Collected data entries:
lemma opt_rows_unique:
  assumes "\<forall>j\<in>{1..U}. \<forall>i\<in>{1..K}. 0 < t j i" and "1 \<le> K"
    and "\<forall>j\<in>{1..U}. opt_row K t pol c j" and "\<forall>j\<in>{1..U}. opt_row K t pol' c' j"
  shows "\<forall>j\<in>{1..U}. c j = c' j \<and> (\<forall>i\<in>{1..K}. pol j i = pol' j i)"
  using assms(1,3,4)
proof (induction U)
  case (Suc U)
  then have IH: "\<forall>j\<in>{1..U}. c j = c' j \<and> (\<forall>i\<in>{1..K}. pol j i = pol' j i)" by simp
  have t: "\<forall>j\<in>{1..U}. \<forall>i\<in>{1..K}. 0 < t j i" using Suc.prems(1) by simp
  have "\<forall>j'\<in>{1..Suc U - 1}. \<forall>i\<in>{1..K}. 0 \<le> t j' i * pol j' i"
    using opt_rows_pos[OF t, of pol c] Suc.prems t by (simp add: less_imp_le)
  note de = d_par_e_par_bounds[OF this]
  define D where "D = d_par K t pol (Suc U)"
  define E where "E = e_par K t pol (Suc U)"
  have "d_par K t pol' (Suc U) = D" and "e_par K t pol' (Suc U) = E"
    using d_par_e_par_cong[of "Suc U" K pol pol' t] IH by (simp_all add: D_def E_def)
  then have row: "pol (Suc U) i = block_row (t (Suc U)) D E (c (Suc U)) i"
    "pol' (Suc U) i = block_row (t (Suc U)) D E (c' (Suc U)) i" if "i \<in> {1..K}" for i
    using Suc.prems(2,3) that by (simp_all add: opt_row_def D_def E_def)
  have "opt_row K t pol c (Suc U)" "opt_row K t pol' c' (Suc U)" using Suc.prems(2,3) by simp_all
  then have c: "0 < c (Suc U)" "0 < c' (Suc U)"
    and sums: "(\<Sum>i=1..K. pol (Suc U) i) = 1" "(\<Sum>i=1..K. pol' (Suc U) i) = 1"
    unfolding opt_row_def by blast+
  have "block_sum K (t (Suc U)) D E (c (Suc U)) = (\<Sum>i=1..K. pol (Suc U) i)"
    "block_sum K (t (Suc U)) D E (c' (Suc U)) = (\<Sum>i=1..K. pol' (Suc U) i)"
    unfolding block_sum_def using row by (auto intro: sum.cong)
  then have "block_sum K (t (Suc U)) D E (c (Suc U)) = 1" "block_sum K (t (Suc U)) D E (c' (Suc U)) = 1"
    using sums by simp_all
  moreover have "\<forall>l\<in>{1..K}. 0 \<le> t (Suc U) l" using Suc.prems(1) by (simp add: less_imp_le)
  ultimately have "c (Suc U) = c' (Suc U)"
    using ex1_block_sum_eq_1[of D E K "t (Suc U)"] c de assms(2) unfolding D_def E_def by auto
  then show ?case using IH row by (auto simp: le_Suc_eq)
qed simp

lemma opt_row_eq_cum_weight:
  assumes "1 \<le> j" and "opt_row K t pol c j" and "i \<in> {1..K}"
  shows "pol j i = c j * cum_weight K t pol ((j - 1) * K + i - 1)"
proof -
  let ?b = "(j - 1) * K"
  let ?s = "block_state (t j) (d_par K t pol j) (e_par K t pol j) (c j)"
  have row: "\<forall>l\<in>{1..K}. pol j l = block_row (t j) (d_par K t pol j) (e_par K t pol j) (c j) l"
    using assms(2) by (simp add: opt_row_def)
  have fst_eq: "l < K \<Longrightarrow> fst (?s l) = cum_weight K t pol (?b + l)" for l
  proof (induction l)
    case 0
    show ?case by (simp add: d_par_eq_cum_weight)
  next
    case (Suc l)
    have "snd (?s (Suc l)) = (\<Prod>m=1..Suc l. t j m * pol j m)"
      by (rule block_state_snd_eq) (use row Suc.prems in auto)
    then have "e_par K t pol j * snd (?s (Suc l)) = prefix_prod K t pol (?b + Suc l)"
      using prefix_prod_block[OF assms(1), of "Suc l" K t pol] Suc.prems by (simp add: e_par_def)
    moreover have "cum_weight K t pol (?b + Suc l)
                     = cum_weight K t pol (?b + l) + prefix_prod K t pol (?b + Suc l)"
      by (simp add: cum_weight_def)
    ultimately show ?case
      using Suc by (simp add: block_state_Suc(2))
  qed
  obtain i' where i': "i = Suc i'" "i' < K" using assms(3) by (cases i) auto
  have "pol j i = c j * fst (?s i')" using row assms(3) i'(1) by (simp add: block_row_def)
  then show ?thesis using fst_eq[OF i'(2)] i'(1) by simp
qed
lemma flat_coord_local_form:
  fixes e :: "nat \<Rightarrow> complex^'n \<Rightarrow> complex^'r" and H :: "int \<Rightarrow> complex^'n \<Rightarrow> (complex^'r) set"
  assumes W: "open W" "x \<in> W"
    and hs: "\<And>y. y \<in> W \<Longrightarrow> hodge_structure_wm1_within (\<lambda>q. H q y) (N y)"
    and frame: "\<And>y. y \<in> W \<Longrightarrow> frame_of (hodge_filt (\<lambda>q. H q y) 0) k (\<lambda>i. e i y)"
    and cont: "\<And>i. i < k \<Longrightarrow> continuous_on W (e i)"
    and de: "\<And>i. i < k \<Longrightarrow> (e i has_derivative De i) (at x)"
    and dv: "(v has_derivative Dv) (at x)"
  shows "\<exists>c Dc. (\<forall>i<k. (c i has_derivative Dc i) (at x)) \<and>
           (\<forall>y\<in>W. v y - (\<Sum>i<k. c i y *s e i y) \<in> real_vecs \<and>
                   flat_coord H y (v y) = v y - (\<Sum>i<k. c i y *s e i y))"
proof -
  obtain a b Da Db where v: "\<And>y. y \<in> W \<Longrightarrow> v y = frame_expansion (\<lambda>i. e i y) k (a y) (b y)"
    and dab: "\<And>i. i < k \<Longrightarrow> ((\<lambda>y. a y i) has_derivative Da i) (at x) \<and> ((\<lambda>y. b y i) has_derivative Db i) (at x)"
    using has_derivative_frame_coefficients[OF W hs frame cont de dv] by metis
  define c where "c i y = a y i - cnj (b y i)" for i y
  have "(c i has_derivative (\<lambda>h. Da i h - cnj (Db i h))) (at x)" if "i < k" for i
    unfolding c_def using dab[OF that]
    by (intro has_derivative_diff bounded_linear.has_derivative[OF bounded_linear_cnj]) auto
  moreover have "v y - (\<Sum>i<k. c i y *s e i y) \<in> real_vecs \<and>
      flat_coord H y (v y) = v y - (\<Sum>i<k. c i y *s e i y)" if y: "y \<in> W" for y
  proof -
    define h where "h = (\<Sum>i<k. b y i *s vconj (e i y))"
    have "v y - (\<Sum>i<k. c i y *s e i y) = h + vconj h"
      unfolding v[OF y] h_def c_def frame_expansion_def
      by (simp add: vector_sub_rdistrib sum_subtractf vconj_sum vconj_smult)
    then have real: "v y - (\<Sum>i<k. c i y *s e i y) \<in> real_vecs"
      by (simp add: real_vecs_iff_vconj vconj_add)
    have "v y - (v y - (\<Sum>i<k. c i y *s e i y)) \<in> hodge_filt (\<lambda>q. H q y) 0"
      using frame_sum_in_hodge_filt[OF hs[OF y] frame[OF y]] by simp
    then show ?thesis
      using flat_coord_eqI[where H=H and y=y, OF hs[OF y] real] real by blast
  qed
  ultimately have witness: "(\<forall>i<k. (c i has_derivative (\<lambda>h. Da i h - cnj (Db i h))) (at x)) \<and>
      (\<forall>y\<in>W. v y - (\<Sum>i<k. c i y *s e i y) \<in> real_vecs \<and>
              flat_coord H y (v y) = v y - (\<Sum>i<k. c i y *s e i y))"
    by blast
  show ?thesis
    by (rule exI[of _ c], rule exI[of _ "\<lambda>i h. Da i h - cnj (Db i h)"], rule witness)
qed

lemma has_derivative_flat_coord:
  fixes e :: "nat \<Rightarrow> complex^'n \<Rightarrow> complex^'r" and H :: "int \<Rightarrow> complex^'n \<Rightarrow> (complex^'r) set"
  assumes W: "open W" "x \<in> W"
    and hs: "\<And>y. y \<in> W \<Longrightarrow> hodge_structure_wm1_within (\<lambda>q. H q y) (N y)"
    and frame: "\<And>y. y \<in> W \<Longrightarrow> frame_of (hodge_filt (\<lambda>q. H q y) 0) k (\<lambda>i. e i y)"
    and cont: "\<And>i. i < k \<Longrightarrow> continuous_on W (e i)"
    and de: "\<And>i. i < k \<Longrightarrow> (e i has_derivative De i) (at x)"
    and dv: "(v has_derivative Dv) (at x)"
  shows "\<exists>c Dc. ((\<lambda>y. flat_coord H y (v y)) has_derivative
             (\<lambda>h. Dv h - (\<Sum>i<k. c i *s De i h + Dc i h *s e i x))) (at x) \<and>
           (\<forall>h. Dv h - (\<Sum>i<k. c i *s De i h + Dc i h *s e i x) \<in> real_vecs)"
proof -
  obtain c Dc where dc: "\<forall>i<k. (c i has_derivative Dc i) (at x)"
    and local: "\<forall>y\<in>W. v y - (\<Sum>i<k. c i y *s e i y) \<in> real_vecs \<and>
                   flat_coord H y (v y) = v y - (\<Sum>i<k. c i y *s e i y)"
    using flat_coord_local_form[OF W hs frame cont de dv] by blast
  define D where "D h = Dv h - (\<Sum>i<k. c i x *s De i h + Dc i h *s e i x)" for h
  have dR: "((\<lambda>y. v y - (\<Sum>i<k. c i y *s e i y)) has_derivative D) (at x)"
    unfolding D_def using bounded_bilinear.FDERIV[OF bounded_bilinear_vector_smult dc[rule_format] de]
    by (intro has_derivative_diff[OF dv] has_derivative_sum) auto
  then have dflat: "((\<lambda>y. flat_coord H y (v y)) has_derivative D) (at x)"
    by (rule has_derivative_transform_within_open[OF _ W]) (simp add: local)
  have real: "\<forall>h. D h \<in> real_vecs"
    using has_derivative_real_vecs[OF W _ dR] local by blast
  show ?thesis
    by (rule exI[of _ "\<lambda>i. c i x"], rule exI[of _ Dc], rule conjI[OF dflat[unfolded D_def] real[unfolded D_def]])
qed

lemma holo_on_continuous_on: "holo_on W f \<Longrightarrow> continuous_on W f"
  unfolding holo_on_def by (meson continuous_at_imp_continuous_on has_derivative_continuous)

text \<open>In \<open>D u + i D (i u)\<close> the complex linear terms coming from \<open>\<nabla>\<nu>\<close> and \<open>\<nabla>e\<^sub>i\<close> cancel, leaving a
  combination of the \<open>e\<^sub>i\<close>; so the conjugate of \<open>D u - i D (i u)\<close> lies in \<open>F\<^sup>0\<close>.\<close>

lemma derivative_hodge_type:
  fixes Dnu :: "complex^'n \<Rightarrow> complex^'r" and De :: "nat \<Rightarrow> complex^'n \<Rightarrow> complex^'r"
    and Dc :: "nat \<Rightarrow> complex^'n \<Rightarrow> complex"
  assumes hs: "hodge_structure_wm1_within H N" and frame: "frame_of (hodge_filt H 0) k e"
    and D: "\<And>h. D h = Dnu h - (\<Sum>i<k. c i *s De i h + Dc i h *s e i)"
    and real: "\<And>h. D h \<in> real_vecs"
    and Dnu: "\<And>h. Dnu h \<in> hodge_filt H (-1)" "\<And>h. Dnu (\<i> *s h) = \<i> *s Dnu h"
    and De: "\<And>i h. i < k \<Longrightarrow> De i h \<in> hodge_filt H (-1)" "\<And>i h. i < k \<Longrightarrow> De i (\<i> *s h) = \<i> *s De i h"
  shows "D u - \<i> *s D (\<i> *s u) \<in> H (-1)"
proof -
  note F = csubspace_hodge_filt[OF hs]
  define G where "G h = Dnu h - (\<Sum>i<k. c i *s De i h)" for h
  define P where "P h = (\<Sum>i<k. Dc i h *s e i)" for h
  have DGP: "D h = G h - P h" for h
    by (simp add: D G_def P_def sum.distrib)
  have "(\<Sum>i<k. c i *s De i (\<i> *s u)) = (\<Sum>i<k. \<i> *s (c i *s De i u))"
    by (rule sum.cong) (simp_all add: De(2) vector_smult_assoc mult.commute)
  then have "G (\<i> *s u) = \<i> *s G u"
    by (simp only: G_def Dnu(2) sum_cmul vector_ssub_ldistrib)
  then have "D u + \<i> *s D (\<i> *s u) = - (P u + \<i> *s P (\<i> *s u))"
    unfolding DGP by (simp add: vec_eq_iff algebra_simps)
  also have "\<dots> = - (\<Sum>i<k. (Dc i u + \<i> * Dc i (\<i> *s u)) *s e i)"
    by (simp add: P_def sum.distrib sum_cmul[symmetric] vector_sadd_rdistrib vector_smult_assoc)
  finally have sum: "D u + \<i> *s D (\<i> *s u) = - (\<Sum>i<k. (Dc i u + \<i> * Dc i (\<i> *s u)) *s e i)" .
  have conj: "vconj (D u - \<i> *s D (\<i> *s u)) = D u + \<i> *s D (\<i> *s u)"
    using real[of u] real[of "\<i> *s u"] by (simp add: vconj_diff vconj_smult real_vecs_iff_vconj)
  have "vconj (D u - \<i> *s D (\<i> *s u)) \<in> hodge_filt H 0"
    unfolding conj sum by (rule csubspace_neg[OF F frame_sum_in_hodge_filt[OF hs frame]])
  moreover have "D h \<in> hodge_filt H (-1)" for h
  proof -
    have "e i \<in> hodge_filt H (-1)" if "i < k" for i
      using hodge_filt_antimono[OF hs _ frame_in_hodge_filt[OF hs frame that]] by simp
    then show ?thesis
      unfolding D using Dnu(1) De(1)
      by (intro csubspace_diff[OF F] csubspace_sum[OF F] csubspace_add[OF F] csubspace_smult[OF F]) auto
  qed
  then have "D u - \<i> *s D (\<i> *s u) \<in> hodge_filt H (-1)"
    by (intro csubspace_diff[OF F] csubspace_smult[OF F])
  ultimately show ?thesis
    by (simp add: hodge_filt_m1_inter_conj[OF hs])
qed
lemma gcr_expect_mistake_majorant:
  fixes a b :: real
  assumes "a < b" and c: "c \<in> {1..k}"
  shows "gcr_expect k {a<..<b} (mistake_majorant k c m) =
    measure (uniform_measure lborel {a<..<b}) {..m}
      + (1 - 1 / real k) * measure (uniform_measure lborel {a<..<b}) {max m (1 - m)<..}"
proof -
  let ?U = "uniform_measure lborel {a<..<b}"
  let ?P = "pmf_of_set {\<pi>. \<pi> permutes {1..k}}"
  interpret prob_space ?U
    using assms by (intro prob_space_uniform_measure) auto
  have inner: "integral\<^sup>L ?U (\<lambda>\<rho>. mistake_majorant k c m \<rho> \<pi>) =
      measure ?U {..m} + of_bool (\<pi> k \<noteq> c) * measure ?U {max m (1 - m)<..}" for \<pi>
    unfolding mistake_majorant_def
    by (subst Bochner_Integration.integral_add)
       (auto intro!: integrable_real_indicator simp: emeasure_eq_measure)
  have "(\<lambda>\<pi>. of_bool (\<pi> k \<noteq> c) :: real) = indicator {\<pi>. \<pi> k \<noteq> c}"
    by (auto simp: indicator_def)
  then have "measure_pmf.expectation ?P (\<lambda>\<pi>. of_bool (\<pi> k \<noteq> c) :: real) = 1 - 1 / real k"
    using prob_permutes_image_neq[of "{1..k}" k c] c by simp
  moreover have "finite (set_pmf ?P)"
    using permutations_finite_nonempty[of "{1..k}"] by simp
  ultimately show ?thesis
    unfolding gcr_expect_def inner
    by (subst Bochner_Integration.integral_add) (auto intro: integrable_measure_pmf_finite)
qed

lemma measure_uniform_half_to_3quarters_atMost:
  "measure (uniform_measure lborel {1/2<..<3/4}) {..m} =
     (if m \<le> 1/2 then 0 else if m < 3/4 then 4 * (m - 1/2) else 1)"
proof -
  consider "m \<le> 1/2" | "1/2 < m" "m < 3/4" | "3/4 \<le> m" by linarith
  then have "{1/2<..<3/4} \<inter> {..m} =
      (if m \<le> 1/2 then {} else if m < 3/4 then {1/2<..m} else {1/2<..<3/4::real})"
    by cases auto
  then show ?thesis by simp
qed

lemma measure_uniform_half_to_3quarters_greaterThan:
  assumes "1/2 \<le> r"
  shows "measure (uniform_measure lborel {1/2<..<3/4}) {r<..} = (if r < 3/4 then 4 * (3/4 - r) else 0)"
proof -
  have "{1/2<..<3/4} \<inter> {r<..} = (if r < 3/4 then {r<..<3/4} else {})"
    using assms by auto
  then show ?thesis by simp
qed

lemma majorant_mass_half_to_3quarters_le:
  fixes m a :: real
  assumes m: "0 \<le> m" and a: "2/3 \<le> a"
  shows "measure (uniform_measure lborel {1/2<..<3/4}) {..m}
           + a * measure (uniform_measure lborel {1/2<..<3/4}) {max m (1 - m)<..} \<le> 2 * a * m"
proof -
  have "1/2 \<le> max m (1 - m)" by (simp add: max_def)
  then have B: "measure (uniform_measure lborel {1/2<..<3/4}) {max m (1 - m)<..} =
      (if max m (1 - m) < 3/4 then 4 * (3/4 - max m (1 - m)) else 0)"
    by (rule measure_uniform_half_to_3quarters_greaterThan)
  note masses = measure_uniform_half_to_3quarters_atMost B
  consider "m \<le> 1/4" | "1/4 < m" "m \<le> 1/2" | "1/2 < m" "m < 3/4" | "3/4 \<le> m" by linarith
  then show ?thesis
  proof cases
    case 1
    then show ?thesis unfolding masses using m a by (simp add: max_def)
  next
    case 2
    have "a * (4 * m - 1) \<le> a * (2 * m)" using 2 a by (intro mult_left_mono) auto
    then show ?thesis unfolding masses using 2 by (simp add: max_def algebra_simps)
  next
    case 3
    have "0 \<le> (6 * a - 4) * (m - 1/2)" using 3 a by (intro mult_nonneg_nonneg) auto
    then show ?thesis unfolding masses using 3 by (simp add: max_def algebra_simps)
  next
    case 4
    have "0 \<le> (a - 2/3) * (m - 3/4)" using 4 a by (intro mult_nonneg_nonneg) auto
    then show ?thesis unfolding masses using 4 a by (simp add: max_def algebra_simps)
  qed
qed

lemma one_minus_inverse_nonneg: "0 \<le> 1 - 1 / real k"
  by (cases k) (simp_all add: field_simps)

lemma gcr_expect_mistake_majorant_le:
  assumes H: "hypergraph_ok V Ed ed lab k w" and F: "lp_feasible V Ed ed lab k xv xe"
    and e: "e \<in> Ed" and k: "3 \<le> k"
  shows "gcr_expect k {1/2<..<3/4} (mistake_majorant k (lab e) (edge_max xv ed lab e))
           \<le> 2 * (1 - 1 / real k) * xe e"
proof -
  let ?m = "edge_max xv ed lab e" and ?U = "uniform_measure lborel {1/2<..<3/4::real}"
  have "gcr_expect k {1/2<..<3/4} (mistake_majorant k (lab e) ?m) =
      measure ?U {..?m} + (1 - 1 / real k) * measure ?U {max ?m (1 - ?m)<..}"
    using H e by (intro gcr_expect_mistake_majorant) (auto simp: hypergraph_ok_def)
  also have "\<dots> \<le> 2 * (1 - 1 / real k) * ?m"
    using k edge_max_nonneg[OF H F e]
    by (intro majorant_mass_half_to_3quarters_le) (auto simp: field_simps)
  also have "\<dots> \<le> 2 * (1 - 1 / real k) * xe e"
    using edge_max_le[OF H F e] one_minus_inverse_nonneg[of k] by (intro mult_left_mono) auto
  finally show ?thesis .
qed

lemma gcr_mistake_prob_le:
  assumes H: "hypergraph_ok V Ed ed lab k w" and F: "lp_feasible V Ed ed lab k xv xe"
    and e: "e \<in> Ed" and k: "3 \<le> k"
  shows "gcr_expect k {1/2<..<3/4}
           (\<lambda>\<rho> \<pi>. if mistake ed lab (gcr_color k xv arb \<rho> \<pi>) e then 1 else 0)
         \<le> 2 * (1 - 1 / real k) * xe e"
proof -
  have "gcr_expect k {1/2<..<3/4}
           (\<lambda>\<rho> \<pi>. if mistake ed lab (gcr_color k xv arb \<rho> \<pi>) e then 1 else 0)
        \<le> gcr_expect k {1/2<..<3/4} (mistake_majorant k (lab e) (edge_max xv ed lab e))"
    by (intro gcr_expect_mono integrable_mistake_majorant mistake_majorant_nonneg
        mistake_le_mistake_majorant[OF H F e]) simp_all
  also have "\<dots> \<le> 2 * (1 - 1 / real k) * xe e"
    by (rule gcr_expect_mistake_majorant_le[OF H F e k])
  finally show ?thesis .
qed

THE TASK
What do the lines above say from the one containing "by (rule block_state_snd_eq)" down to the one containing "(simp add: block_row_def)"? Return them exactly, both end lines included, and only them.

TASK RESPONSE
      by (rule block_state_snd_eq) (use row Suc.prems in auto)
    then have "e_par K t pol j * snd (?s (Suc l)) = prefix_prod K t pol (?b + Suc l)"
      using prefix_prod_block[OF assms(1), of "Suc l" K t pol] Suc.prems by (simp add: e_par_def)
    moreover have "cum_weight K t pol (?b + Suc l)
                     = cum_weight K t pol (?b + l) + prefix_prod K t pol (?b + Suc l)"
      by (simp add: cum_weight_def)
    ultimately show ?case
      using Suc by (simp add: block_state_Suc(2))
  qed
  obtain i' where i': "i = Suc i'" "i' < K" using assms(3) by (cases i) auto
  have "pol j i = c j * fst (?s i')" using row assms(3) i'(1) by (simp add: block_row_def)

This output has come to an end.